If you haven't read yesterday's post describing the decision I had to make, you might want to go back and do so before reading the end of the story here.
Tuesday, May 08, 2012
After thinking for a while, I decided to push. This wasn't tilty desperation. It was an educated guess that my top-top was ahead of more of Bill's range than it was behind. The specific table dynamics made that more true than it ordinarily would be with me taking just top pair against the range with which Bill would be expected to play this aggressively back at me.
The shove was somewhat problematic, in that he would mostly call only with the hands that beat me, and fold the ones that I beat. (The exception was if I somehow persuaded him that I had A-A or K-K, he might fold J-J or Q-Q.) But as I said yesterday, I thought calling was the worst of my choices, because it would make subsequent decisions even murkier, and from out of position to boot.
He took less than two seconds to call, which triggered all of my "uh-oh" reflexes. I showed my A-10, and he showed his...
I had misread him. Maybe I had overthought it. Maybe I had given too much weight to the situational dynamics being likely to broaden Bill's range, and too little weight to the simple fact that in years of playing with him, he had almost never been this pushy against me unless he had me beat.
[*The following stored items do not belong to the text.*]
lemma scaled_spoly_eq_if_lm_eq:
  fixes f g :: "('v, 'k::field_gcd) mpoly1"
  assumes "lm lessm f = lm lessm g" "lc lessm f \<noteq> 0" "lc lessm g \<noteq> 0"
    and "d dvd lc lessm f" "d dvd lc lessm g"
  shows "cst (gcd (lc lessm f) (lc lessm g) div d) * spoly lessm f g =
           cst (lc lessm g div d) * f - cst (lc lessm f div d) * g"
proof -
  define h where "h = gcd (lc lessm f) (lc lessm g)"
  have "h \<noteq> 0" "d dvd h" "h dvd lc lessm f" "h dvd lc lessm g"
    using assms(2,4,5) by (simp_all add: h_def)
  then have "(h div d) * (lc lessm g div h) = lc lessm g div d"
    and "(h div d) * (lc lessm f div h) = lc lessm f div d"
    by (simp_all add: div_mult_div_if_dvd)
  then show ?thesis
    using spoly_eq_if_lm_eq[OF assms(1-3)]
    by (simp add: h_def[symmetric] right_diff_distrib mult.assoc[symmetric] mult_single)
qed

lemma sum_scaled_eq_sum_cross_diffs:
  fixes e G :: "nat \<Rightarrow> 'a::comm_ring"
  assumes "1 \<le> s" "(\<Sum>j=1..s. e j) = 0"
  shows "e s * (\<Sum>j=1..s. G j) = (\<Sum>j=1..<s. e s * G j - e j * G s)"
proof -
  have split: "{1..s} = insert s {1..<s}"
    using assms(1) by auto
  have "(\<Sum>j=1..<s. e j) = - e s"
    using assms(2) unfolding split by (simp add: eq_neg_iff_add_eq_0 add.commute)
  have "(\<Sum>j=1..<s. e s * G j - e j * G s) = e s * (\<Sum>j=1..<s. G j) - (\<Sum>j=1..<s. e j) * G s"
    by (simp only: sum_subtractf sum_distrib_left sum_distrib_right)
  also have "\<dots> = e s * (\<Sum>j=1..<s. G j) + e s * G s"
    using \<open>(\<Sum>j=1..<s. e j) = - e s\<close> by simp
  also have "\<dots> = e s * (\<Sum>j=1..s. G j)"
    unfolding split by (simp add: distrib_left add.commute)
  finally show ?thesis ..
qed

lemma spoly_representation:
  fixes F :: "nat \<Rightarrow> ('v, 'k::field_gcd) mpoly1"
  assumes "1 \<le> s"
    and lm: "\<forall>j\<in>{1..s}. lm lessm (F j) = \<alpha>"
    and lc: "\<forall>j\<in>{1..s}. lc lessm (F j) \<noteq> 0"
    and lc_sum: "(\<Sum>j=1..s. lc lessm (F j)) = 0"
    and dvd: "\<forall>j\<in>{1..s}. d dvd lc lessm (F j)"
  shows "\<exists>bs. (\<forall>j\<in>{1..<s}. bs j \<noteq> 0) \<and>
           cst (lc lessm (F s) div d) * (\<Sum>j=1..s. F j) =
             (\<Sum>j=1..<s. cst (bs j) * spoly lessm (F j) (F s))"
proof (intro exI conjI)
  define E :: "nat \<Rightarrow> ('v, 'k) mpoly1" where "E j = cst (lc lessm (F j) div d)" for j
  have s: "s \<in> {1..s}"
    using \<open>1 \<le> s\<close> by simp
  show "\<forall>j\<in>{1..<s}. gcd (lc lessm (F j)) (lc lessm (F s)) div d \<noteq> 0"
    using s lc dvd by (simp add: dvd_div_eq_0_iff)
  have "d \<noteq> 0"
    using s lc dvd by auto
  moreover have "d * (\<Sum>j=1..s. lc lessm (F j) div d) = 0"
    using dvd lc_sum by (simp add: sum_distrib_left)
  ultimately have "(\<Sum>j=1..s. E j) = 0"
    unfolding E_def single_sum[symmetric] by simp
  then have "E s * (\<Sum>j=1..s. F j) = (\<Sum>j=1..<s. E s * F j - E j * F s)"
    by (rule sum_scaled_eq_sum_cross_diffs[OF \<open>1 \<le> s\<close>])
  also have "\<dots> = (\<Sum>j=1..<s. cst (gcd (lc lessm (F j)) (lc lessm (F s)) div d) * spoly lessm (F j) (F s))"
    using s lm lc dvd by (intro sum.cong refl) (simp add: E_def scaled_spoly_eq_if_lm_eq)
  finally show "cst (lc lessm (F s) div d) * (\<Sum>j=1..s. F j) = \<dots>"
    unfolding E_def .
qed

lemma spoly_representation_reindex:
  fixes F :: "nat \<Rightarrow> ('v, 'k::field_gcd) mpoly1"
  assumes "1 \<le> s" and \<sigma>: "bij_betw \<sigma> {1..s} {1..s}"
    and lm: "\<forall>j\<in>{1..s}. lm lessm (F j) = \<alpha>"
    and lc: "\<forall>j\<in>{1..s}. lc lessm (F j) \<noteq> 0"
    and lc_sum: "(\<Sum>j=1..s. lc lessm (F j)) = 0"
    and dvd: "\<forall>j\<in>{1..s}. d dvd lc lessm (F j)"
  shows "\<exists>bs. (\<forall>j\<in>{1..<s}. bs j \<noteq> 0) \<and>
           cst (lc lessm (F (\<sigma> s)) div d) * (\<Sum>j=1..s. F j) =
             (\<Sum>j=1..<s. cst (bs j) * spoly lessm (F (\<sigma> j)) (F (\<sigma> s)))"
proof -
  have "\<sigma> j \<in> {1..s}" if "j \<in> {1..s}" for j
    using \<sigma> that bij_betwE by blast
  moreover have "(\<Sum>j=1..s. F (\<sigma> j)) = (\<Sum>j=1..s. F j)"
    and "(\<Sum>j=1..s. lc lessm (F (\<sigma> j))) = 0"
    using sum.reindex_bij_betw[OF \<sigma>, of F] sum.reindex_bij_betw[OF \<sigma>, of "\<lambda>j. lc lessm (F j)"] lc_sum
    by simp_all
  ultimately show ?thesis
    using spoly_representation[OF \<open>1 \<le> s\<close>, of lessm "\<lambda>j. F (\<sigma> j)" \<alpha> d] lm lc dvd by simp
qed

lemma ex_least_multiplicity_power_dvd:
  assumes "A \<noteq> {}"
  shows "\<exists>a\<in>A. \<forall>x\<in>A. p ^ multiplicity p (c a) dvd c x"
proof -
  obtain a0 where "a0 \<in> A"
    using assms by blast
  then obtain a where "a \<in> A" "\<forall>x\<in>A. multiplicity p (c a) \<le> multiplicity p (c x)"
    using ex_has_least_nat[of "\<lambda>x. x \<in> A" a0 "\<lambda>x. multiplicity p (c x)"] by blast
  then show ?thesis
    by (auto intro: multiplicity_dvd')
qed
But just as I was filling my brain with regrets and second-guessing, the dealer slapped down an ace on the turn, giving me top two pair, and leaving poor Bill with just two cards in the deck he could catch to win (the remaining two jacks). The river blanked, and I got a very lucky double-up. I wasn't proud of the win, but I wasn't going to give the chips back.
Sometimes in poker you do the right thing and lose, sometimes you do the wrong thing and win.